• Exercise description
Lines to return, exactly: from the line with "i) (Suc m))" to the line with "unfolding sum_distrib_right using" in the entries below, both included.

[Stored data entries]
= = =

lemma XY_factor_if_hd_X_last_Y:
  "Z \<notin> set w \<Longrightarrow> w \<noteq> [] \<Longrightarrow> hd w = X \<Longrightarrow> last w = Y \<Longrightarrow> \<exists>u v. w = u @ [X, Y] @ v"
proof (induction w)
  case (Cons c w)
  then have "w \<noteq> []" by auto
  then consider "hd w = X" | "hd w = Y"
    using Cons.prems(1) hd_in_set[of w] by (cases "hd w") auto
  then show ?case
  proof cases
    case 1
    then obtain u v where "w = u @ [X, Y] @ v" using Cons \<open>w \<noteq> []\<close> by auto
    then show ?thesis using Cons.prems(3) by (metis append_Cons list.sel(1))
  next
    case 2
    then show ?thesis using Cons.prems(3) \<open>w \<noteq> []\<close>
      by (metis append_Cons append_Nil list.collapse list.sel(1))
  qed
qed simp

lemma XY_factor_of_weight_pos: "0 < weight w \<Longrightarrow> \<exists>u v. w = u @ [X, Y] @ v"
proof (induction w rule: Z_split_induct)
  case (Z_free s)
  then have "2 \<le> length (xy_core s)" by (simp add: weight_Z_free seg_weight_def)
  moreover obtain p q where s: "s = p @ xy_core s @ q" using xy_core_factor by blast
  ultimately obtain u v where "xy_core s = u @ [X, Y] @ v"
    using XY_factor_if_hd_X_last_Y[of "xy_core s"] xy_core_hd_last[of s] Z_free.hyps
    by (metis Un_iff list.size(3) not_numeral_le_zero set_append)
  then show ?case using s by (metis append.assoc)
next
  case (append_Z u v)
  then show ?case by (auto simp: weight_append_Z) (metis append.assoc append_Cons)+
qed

= = =

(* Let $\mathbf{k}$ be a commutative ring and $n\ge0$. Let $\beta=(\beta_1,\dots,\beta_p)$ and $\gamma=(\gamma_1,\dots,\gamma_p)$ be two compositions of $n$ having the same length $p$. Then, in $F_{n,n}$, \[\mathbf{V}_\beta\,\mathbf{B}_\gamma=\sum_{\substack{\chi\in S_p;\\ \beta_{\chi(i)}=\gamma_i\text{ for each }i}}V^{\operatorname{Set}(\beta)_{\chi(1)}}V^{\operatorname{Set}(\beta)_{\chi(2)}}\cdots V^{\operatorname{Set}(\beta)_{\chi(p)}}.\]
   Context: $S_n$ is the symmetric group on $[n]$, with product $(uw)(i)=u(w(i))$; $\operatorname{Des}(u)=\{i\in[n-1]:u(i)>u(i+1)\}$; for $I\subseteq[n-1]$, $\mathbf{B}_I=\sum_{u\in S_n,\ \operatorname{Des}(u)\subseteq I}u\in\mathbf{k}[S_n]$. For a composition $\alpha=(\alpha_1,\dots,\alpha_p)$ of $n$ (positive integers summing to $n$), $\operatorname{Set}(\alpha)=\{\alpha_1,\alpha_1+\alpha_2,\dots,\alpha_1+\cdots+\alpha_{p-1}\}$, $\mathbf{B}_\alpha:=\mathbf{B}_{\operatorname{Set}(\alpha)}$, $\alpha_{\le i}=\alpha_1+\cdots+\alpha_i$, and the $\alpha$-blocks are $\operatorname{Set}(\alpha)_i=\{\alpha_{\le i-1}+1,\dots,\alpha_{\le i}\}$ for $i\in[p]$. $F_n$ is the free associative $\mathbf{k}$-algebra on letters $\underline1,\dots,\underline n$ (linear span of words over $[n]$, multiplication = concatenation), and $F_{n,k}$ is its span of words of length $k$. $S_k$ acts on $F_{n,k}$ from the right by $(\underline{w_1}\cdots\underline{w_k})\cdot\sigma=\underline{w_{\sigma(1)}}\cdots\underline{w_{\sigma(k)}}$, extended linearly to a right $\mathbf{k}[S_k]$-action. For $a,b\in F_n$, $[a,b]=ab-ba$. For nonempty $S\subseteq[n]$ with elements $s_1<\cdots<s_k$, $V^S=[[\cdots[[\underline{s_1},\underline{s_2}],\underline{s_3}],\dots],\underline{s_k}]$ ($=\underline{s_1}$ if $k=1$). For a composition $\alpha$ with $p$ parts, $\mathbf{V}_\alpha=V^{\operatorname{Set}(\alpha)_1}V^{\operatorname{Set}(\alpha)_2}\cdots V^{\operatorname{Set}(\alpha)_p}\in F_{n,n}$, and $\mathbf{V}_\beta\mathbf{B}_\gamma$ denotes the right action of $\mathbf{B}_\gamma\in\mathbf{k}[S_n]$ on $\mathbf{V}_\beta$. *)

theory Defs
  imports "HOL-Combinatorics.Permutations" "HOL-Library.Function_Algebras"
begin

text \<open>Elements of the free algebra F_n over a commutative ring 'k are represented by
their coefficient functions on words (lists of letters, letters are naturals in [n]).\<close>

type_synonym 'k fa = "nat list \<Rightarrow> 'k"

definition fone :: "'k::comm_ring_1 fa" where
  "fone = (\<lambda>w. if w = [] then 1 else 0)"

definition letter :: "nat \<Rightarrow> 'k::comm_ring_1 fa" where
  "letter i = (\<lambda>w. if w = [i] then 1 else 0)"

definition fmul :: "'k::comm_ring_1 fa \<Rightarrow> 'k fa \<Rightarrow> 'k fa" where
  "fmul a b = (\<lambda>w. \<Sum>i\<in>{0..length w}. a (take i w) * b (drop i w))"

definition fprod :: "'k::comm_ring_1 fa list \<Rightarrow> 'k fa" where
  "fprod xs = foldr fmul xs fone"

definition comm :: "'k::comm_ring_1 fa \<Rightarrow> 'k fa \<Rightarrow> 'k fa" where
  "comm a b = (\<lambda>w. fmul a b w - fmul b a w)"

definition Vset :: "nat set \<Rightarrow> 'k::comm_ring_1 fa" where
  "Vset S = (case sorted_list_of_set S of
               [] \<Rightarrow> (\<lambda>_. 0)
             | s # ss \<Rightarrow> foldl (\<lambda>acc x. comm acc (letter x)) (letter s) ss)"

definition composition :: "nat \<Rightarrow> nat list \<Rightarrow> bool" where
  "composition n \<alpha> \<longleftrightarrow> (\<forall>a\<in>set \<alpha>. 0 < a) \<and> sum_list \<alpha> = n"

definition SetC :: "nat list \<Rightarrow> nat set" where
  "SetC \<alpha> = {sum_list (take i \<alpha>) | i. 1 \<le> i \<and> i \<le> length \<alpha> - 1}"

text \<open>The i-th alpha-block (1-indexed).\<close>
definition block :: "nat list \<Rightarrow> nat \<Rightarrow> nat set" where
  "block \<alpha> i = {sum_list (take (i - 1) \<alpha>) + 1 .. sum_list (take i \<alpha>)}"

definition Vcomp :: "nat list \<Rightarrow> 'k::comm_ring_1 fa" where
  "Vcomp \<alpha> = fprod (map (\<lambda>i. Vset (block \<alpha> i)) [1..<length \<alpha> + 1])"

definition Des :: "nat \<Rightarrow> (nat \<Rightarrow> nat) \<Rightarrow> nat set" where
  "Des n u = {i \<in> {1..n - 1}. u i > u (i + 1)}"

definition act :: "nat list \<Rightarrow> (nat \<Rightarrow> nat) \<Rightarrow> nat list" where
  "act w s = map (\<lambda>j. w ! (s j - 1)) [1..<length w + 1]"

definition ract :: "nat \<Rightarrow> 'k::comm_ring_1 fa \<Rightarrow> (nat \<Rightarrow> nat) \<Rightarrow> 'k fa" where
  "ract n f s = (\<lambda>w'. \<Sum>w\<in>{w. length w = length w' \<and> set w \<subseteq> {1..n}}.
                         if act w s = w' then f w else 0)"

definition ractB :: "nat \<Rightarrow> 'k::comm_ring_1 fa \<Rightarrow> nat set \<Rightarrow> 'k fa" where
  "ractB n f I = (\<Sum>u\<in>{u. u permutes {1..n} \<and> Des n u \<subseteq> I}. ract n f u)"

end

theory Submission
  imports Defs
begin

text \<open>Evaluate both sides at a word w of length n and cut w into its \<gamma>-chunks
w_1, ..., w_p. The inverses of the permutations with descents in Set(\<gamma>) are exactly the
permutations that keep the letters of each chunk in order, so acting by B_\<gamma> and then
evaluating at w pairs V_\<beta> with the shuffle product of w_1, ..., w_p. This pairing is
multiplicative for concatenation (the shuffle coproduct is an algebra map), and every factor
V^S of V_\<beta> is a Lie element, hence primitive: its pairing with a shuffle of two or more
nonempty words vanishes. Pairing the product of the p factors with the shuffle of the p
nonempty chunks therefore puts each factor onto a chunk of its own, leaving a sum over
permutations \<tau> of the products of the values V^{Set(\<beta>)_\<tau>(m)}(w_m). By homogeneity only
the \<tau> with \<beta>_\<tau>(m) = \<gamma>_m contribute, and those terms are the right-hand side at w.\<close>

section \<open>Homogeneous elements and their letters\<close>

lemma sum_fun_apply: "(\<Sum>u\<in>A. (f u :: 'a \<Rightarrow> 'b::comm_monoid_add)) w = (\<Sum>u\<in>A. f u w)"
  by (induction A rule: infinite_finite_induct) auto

= = =

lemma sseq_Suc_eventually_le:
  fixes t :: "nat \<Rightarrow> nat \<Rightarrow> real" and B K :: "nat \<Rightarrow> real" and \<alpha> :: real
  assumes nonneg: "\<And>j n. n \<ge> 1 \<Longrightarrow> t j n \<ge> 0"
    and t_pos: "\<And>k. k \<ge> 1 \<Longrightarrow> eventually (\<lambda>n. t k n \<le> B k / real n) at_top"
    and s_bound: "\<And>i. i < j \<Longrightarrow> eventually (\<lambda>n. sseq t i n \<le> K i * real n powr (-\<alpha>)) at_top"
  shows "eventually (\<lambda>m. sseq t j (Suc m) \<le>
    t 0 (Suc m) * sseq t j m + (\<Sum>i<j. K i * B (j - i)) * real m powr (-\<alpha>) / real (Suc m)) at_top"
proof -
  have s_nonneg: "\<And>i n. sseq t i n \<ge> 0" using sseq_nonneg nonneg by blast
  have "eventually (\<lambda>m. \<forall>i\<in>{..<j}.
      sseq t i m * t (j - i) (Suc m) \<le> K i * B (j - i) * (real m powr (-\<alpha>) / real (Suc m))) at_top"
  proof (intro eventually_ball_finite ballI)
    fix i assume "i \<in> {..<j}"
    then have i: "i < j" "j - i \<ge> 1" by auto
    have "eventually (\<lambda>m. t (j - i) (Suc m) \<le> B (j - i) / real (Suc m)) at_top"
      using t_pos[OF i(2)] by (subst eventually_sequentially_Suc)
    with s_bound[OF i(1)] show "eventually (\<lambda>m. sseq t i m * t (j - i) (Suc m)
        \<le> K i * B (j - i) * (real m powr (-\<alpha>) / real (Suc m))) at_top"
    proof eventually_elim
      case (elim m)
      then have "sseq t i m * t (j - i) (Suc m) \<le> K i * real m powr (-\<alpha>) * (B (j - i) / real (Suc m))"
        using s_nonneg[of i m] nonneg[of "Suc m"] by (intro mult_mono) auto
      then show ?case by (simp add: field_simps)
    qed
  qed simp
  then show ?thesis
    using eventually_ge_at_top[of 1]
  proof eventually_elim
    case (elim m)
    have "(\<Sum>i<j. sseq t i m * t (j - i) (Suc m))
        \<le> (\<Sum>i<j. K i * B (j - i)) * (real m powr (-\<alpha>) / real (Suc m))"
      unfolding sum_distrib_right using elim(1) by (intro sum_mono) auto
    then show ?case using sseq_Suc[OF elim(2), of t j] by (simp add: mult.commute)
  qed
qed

= = =

• Answer
    have "(\<Sum>i<j. sseq t i m * t (j - i) (Suc m))
        \<le> (\<Sum>i<j. K i * B (j - i)) * (real m powr (-\<alpha>) / real (Suc m))"
      unfolding sum_distrib_right using elim(1) by (intro sum_mono) auto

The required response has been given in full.